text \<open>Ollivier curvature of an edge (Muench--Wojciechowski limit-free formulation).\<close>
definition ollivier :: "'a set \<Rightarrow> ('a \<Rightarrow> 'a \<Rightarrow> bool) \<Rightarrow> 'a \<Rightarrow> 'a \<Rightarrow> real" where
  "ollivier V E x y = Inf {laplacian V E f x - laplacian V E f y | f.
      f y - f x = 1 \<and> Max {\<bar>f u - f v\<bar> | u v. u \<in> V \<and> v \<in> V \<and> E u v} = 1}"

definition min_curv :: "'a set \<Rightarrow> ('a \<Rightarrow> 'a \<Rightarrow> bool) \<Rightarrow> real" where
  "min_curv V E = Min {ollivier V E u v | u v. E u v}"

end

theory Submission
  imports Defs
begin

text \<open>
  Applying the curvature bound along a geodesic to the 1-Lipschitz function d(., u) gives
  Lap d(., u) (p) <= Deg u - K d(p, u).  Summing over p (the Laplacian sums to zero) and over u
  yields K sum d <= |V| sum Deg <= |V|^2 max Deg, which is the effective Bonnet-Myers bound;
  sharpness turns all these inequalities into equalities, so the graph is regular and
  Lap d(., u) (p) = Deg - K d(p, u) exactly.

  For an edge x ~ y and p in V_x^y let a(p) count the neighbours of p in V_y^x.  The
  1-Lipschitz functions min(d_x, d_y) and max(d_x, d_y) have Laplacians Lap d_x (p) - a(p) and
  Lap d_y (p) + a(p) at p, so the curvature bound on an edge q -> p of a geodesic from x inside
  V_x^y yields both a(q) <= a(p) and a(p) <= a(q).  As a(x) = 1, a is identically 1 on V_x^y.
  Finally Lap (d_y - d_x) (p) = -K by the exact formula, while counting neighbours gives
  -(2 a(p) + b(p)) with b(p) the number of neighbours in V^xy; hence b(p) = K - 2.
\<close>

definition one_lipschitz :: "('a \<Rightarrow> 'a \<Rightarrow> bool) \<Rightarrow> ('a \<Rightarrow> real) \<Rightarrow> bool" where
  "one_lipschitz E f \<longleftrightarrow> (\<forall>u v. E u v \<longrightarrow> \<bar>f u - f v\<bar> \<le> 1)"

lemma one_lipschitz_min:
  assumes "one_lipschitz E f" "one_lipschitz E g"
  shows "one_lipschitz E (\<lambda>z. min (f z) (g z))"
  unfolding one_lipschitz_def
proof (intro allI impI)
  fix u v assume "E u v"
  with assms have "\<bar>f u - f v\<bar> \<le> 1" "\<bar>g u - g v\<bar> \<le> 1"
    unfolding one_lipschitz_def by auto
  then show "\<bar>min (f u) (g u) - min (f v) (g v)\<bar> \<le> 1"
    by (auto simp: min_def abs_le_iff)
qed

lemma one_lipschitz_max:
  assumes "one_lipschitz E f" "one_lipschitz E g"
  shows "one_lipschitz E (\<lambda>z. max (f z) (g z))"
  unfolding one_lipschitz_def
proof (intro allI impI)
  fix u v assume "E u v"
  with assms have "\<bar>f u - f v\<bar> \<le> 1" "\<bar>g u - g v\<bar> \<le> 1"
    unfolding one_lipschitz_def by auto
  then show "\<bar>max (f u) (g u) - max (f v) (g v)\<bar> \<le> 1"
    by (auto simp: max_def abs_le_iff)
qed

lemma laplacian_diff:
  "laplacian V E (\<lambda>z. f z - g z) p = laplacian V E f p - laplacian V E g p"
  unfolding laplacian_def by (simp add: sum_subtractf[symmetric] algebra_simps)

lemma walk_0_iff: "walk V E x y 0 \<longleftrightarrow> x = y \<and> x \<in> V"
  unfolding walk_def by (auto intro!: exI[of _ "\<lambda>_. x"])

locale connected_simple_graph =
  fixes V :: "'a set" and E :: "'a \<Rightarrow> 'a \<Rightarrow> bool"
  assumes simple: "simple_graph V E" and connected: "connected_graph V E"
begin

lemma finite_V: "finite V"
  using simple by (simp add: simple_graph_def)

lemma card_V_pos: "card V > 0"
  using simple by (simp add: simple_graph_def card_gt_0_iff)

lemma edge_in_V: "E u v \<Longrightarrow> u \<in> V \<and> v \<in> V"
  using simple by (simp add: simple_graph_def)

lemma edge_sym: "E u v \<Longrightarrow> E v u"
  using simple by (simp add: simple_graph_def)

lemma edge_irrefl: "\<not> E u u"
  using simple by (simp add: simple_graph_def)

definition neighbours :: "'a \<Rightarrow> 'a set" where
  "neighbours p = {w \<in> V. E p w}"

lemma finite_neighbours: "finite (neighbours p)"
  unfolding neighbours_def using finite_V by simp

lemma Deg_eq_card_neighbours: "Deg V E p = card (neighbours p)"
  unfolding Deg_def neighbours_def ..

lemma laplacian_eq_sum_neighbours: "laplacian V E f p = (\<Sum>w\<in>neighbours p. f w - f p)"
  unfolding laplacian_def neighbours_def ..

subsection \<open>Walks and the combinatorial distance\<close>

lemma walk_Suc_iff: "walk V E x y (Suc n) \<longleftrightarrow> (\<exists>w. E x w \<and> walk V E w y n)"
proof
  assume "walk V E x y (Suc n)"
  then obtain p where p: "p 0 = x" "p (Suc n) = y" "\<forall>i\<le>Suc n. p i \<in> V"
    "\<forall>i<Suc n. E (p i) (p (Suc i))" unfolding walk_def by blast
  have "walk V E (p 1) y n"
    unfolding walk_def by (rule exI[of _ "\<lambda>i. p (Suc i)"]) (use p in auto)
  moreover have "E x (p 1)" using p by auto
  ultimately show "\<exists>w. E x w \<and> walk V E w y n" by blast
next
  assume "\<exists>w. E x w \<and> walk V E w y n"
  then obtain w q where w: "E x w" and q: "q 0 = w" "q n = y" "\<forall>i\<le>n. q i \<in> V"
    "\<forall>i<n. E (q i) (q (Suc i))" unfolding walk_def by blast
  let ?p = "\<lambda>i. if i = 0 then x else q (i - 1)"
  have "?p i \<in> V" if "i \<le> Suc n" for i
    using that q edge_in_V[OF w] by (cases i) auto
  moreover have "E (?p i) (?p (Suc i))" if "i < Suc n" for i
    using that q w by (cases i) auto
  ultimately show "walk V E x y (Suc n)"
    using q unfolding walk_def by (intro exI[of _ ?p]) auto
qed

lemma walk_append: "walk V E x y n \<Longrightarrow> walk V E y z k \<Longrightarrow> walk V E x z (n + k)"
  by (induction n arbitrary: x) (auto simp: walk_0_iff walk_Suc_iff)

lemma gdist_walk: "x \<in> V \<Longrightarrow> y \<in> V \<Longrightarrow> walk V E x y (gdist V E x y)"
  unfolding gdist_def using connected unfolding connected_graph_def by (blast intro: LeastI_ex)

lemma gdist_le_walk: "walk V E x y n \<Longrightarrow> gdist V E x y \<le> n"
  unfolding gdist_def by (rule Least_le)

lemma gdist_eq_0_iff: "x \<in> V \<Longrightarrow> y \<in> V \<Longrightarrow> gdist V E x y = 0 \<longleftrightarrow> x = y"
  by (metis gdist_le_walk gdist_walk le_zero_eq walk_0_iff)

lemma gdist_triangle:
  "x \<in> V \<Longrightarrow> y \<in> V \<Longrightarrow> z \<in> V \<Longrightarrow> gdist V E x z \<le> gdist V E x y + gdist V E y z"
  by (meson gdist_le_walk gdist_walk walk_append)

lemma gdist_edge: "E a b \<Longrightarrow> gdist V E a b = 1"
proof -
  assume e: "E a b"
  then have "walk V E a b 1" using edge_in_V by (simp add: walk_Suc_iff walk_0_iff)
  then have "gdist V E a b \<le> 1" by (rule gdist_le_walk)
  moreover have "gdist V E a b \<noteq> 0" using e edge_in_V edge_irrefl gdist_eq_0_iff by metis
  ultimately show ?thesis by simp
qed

• • •

◆ **Task statement**: Which lines of the data contain the word "ultimately"? Copy each one.

◆ **Response area**:
  ultimately show "\<exists>w. E x w \<and> walk V E w y n" by blast
  ultimately show "walk V E x y (Suc n)"
  ultimately show ?thesis by simp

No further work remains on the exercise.